• ACTION ITEM: Starting with the line that contains "sqrt_quotient (flight_series (lam", reproduce each line through the end of the listing below, with no other output.

• DATASET RECORDS:

lemma telegraph_equation_of_odes:
  assumes "t > 0" "norm y < c * t"
    and time: "2 * g' t + k * g t = 0" "g'' t + k * g' t + lam\<^sup>2 * g t = m * g t"
    and radial: "Q y t * F'' (Q y t) + 2 * F' (Q y t) - a\<^sup>2 * F (Q y t) = f"
    and "4 * c\<^sup>2 * a\<^sup>2 = lam\<^sup>2"
  shows "dt (dt u) y t + k * dt u y t - c\<^sup>2 * laplacian u y t = m * u y t + 4 * c\<^sup>2 * g t * f"
proof -
  have time': "g'' t + k * g' t = m * g t - lam\<^sup>2 * g t" using time(2) by simp
  have radial': "Q y t * F'' (Q y t) + 2 * F' (Q y t) = a\<^sup>2 * F (Q y t) + f" using radial by simp
  have "dt (dt u) y t + k * dt u y t - c\<^sup>2 * laplacian u y t
      = (m * g t - lam\<^sup>2 * g t) * F (Q y t) + 4 * c\<^sup>2 * g t * (a\<^sup>2 * F (Q y t) + f)"
    unfolding telegraph_operator_eq[OF assms(1,2)] time(1) time' radial' by simp
  also have "\<dots> = m * (g t * F (Q y t)) + (4 * c\<^sup>2 * a\<^sup>2 - lam\<^sup>2) * g t * F (Q y t) + 4 * c\<^sup>2 * g t * f"
    by (simp add: algebra_simps)
  finally show ?thesis using assms(1,2,6) by (simp add: u_eq)
qed

end

section \<open>The flight density\<close>

lemma flight_profile_ode:
  assumes "q > 0"
  shows "q * sqrt_quotient'' (flight_series a) (flight_series' a) (flight_series'' a) q
      + 2 * sqrt_quotient' (flight_series a) (flight_series' a) q
      - a\<^sup>2 * sqrt_quotient (flight_series a) q = - (a / (2 * pi)) / sqrt q ^ 3"
  unfolding sqrt_quotient_ode[OF assms] flight_series_ode using assms by simp

lemma flight_density_eq:
  assumes "norm y < c * t"
  shows "flight_density c lam y t
    = recip_expm1 (lam / (2 * c) / pi) lam t
      * sqrt_quotient (flight_series (lam / (2 * c))) (spacetime_interval c y t)"
proof -
  define a where "a = lam / (2 * c)"
  define s where "s = sqrt (spacetime_interval c y t)"
  have "s > 0" using spacetime_interval_pos[OF assms] by (simp add: s_def)
  then have "a ^ (k + 1) * s powr (real k - 1)
        / (Gamma ((real k + 1) / 2) * Gamma ((real k + 3) / 2))
      = flight_coeff a k * s ^ k / s" for k
    by (simp add: powr_diff powr_realpow flight_coeff_def gamma_half_product_def)
  then have "(\<Sum>k. a ^ (k + 1) * s powr (real k - 1)
        / (Gamma ((real k + 1) / 2) * Gamma ((real k + 3) / 2)))
      = flight_series a s / s"
    unfolding flight_series_def by (simp add: suminf_divide summable_flight_coeff)
  then show ?thesis
    unfolding flight_density_def recip_expm1_def sqrt_quotient_def spacetime_interval_def
      a_def[symmetric] s_def[symmetric]
    by (simp add: spacetime_interval_def s_def)
qed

• YOUR RESPONSE:
      * sqrt_quotient (flight_series (lam / (2 * c))) (spacetime_interval c y t)"
proof -
  define a where "a = lam / (2 * c)"
  define s where "s = sqrt (spacetime_interval c y t)"
  have "s > 0" using spacetime_interval_pos[OF assms] by (simp add: s_def)
  then have "a ^ (k + 1) * s powr (real k - 1)
        / (Gamma ((real k + 1) / 2) * Gamma ((real k + 3) / 2))
      = flight_coeff a k * s ^ k / s" for k
    by (simp add: powr_diff powr_realpow flight_coeff_def gamma_half_product_def)
  then have "(\<Sum>k. a ^ (k + 1) * s powr (real k - 1)
        / (Gamma ((real k + 1) / 2) * Gamma ((real k + 3) / 2)))
      = flight_series a s / s"
    unfolding flight_series_def by (simp add: suminf_divide summable_flight_coeff)
  then show ?thesis
    unfolding flight_density_def recip_expm1_def sqrt_quotient_def spacetime_interval_def
      a_def[symmetric] s_def[symmetric]
    by (simp add: spacetime_interval_def s_def)
qed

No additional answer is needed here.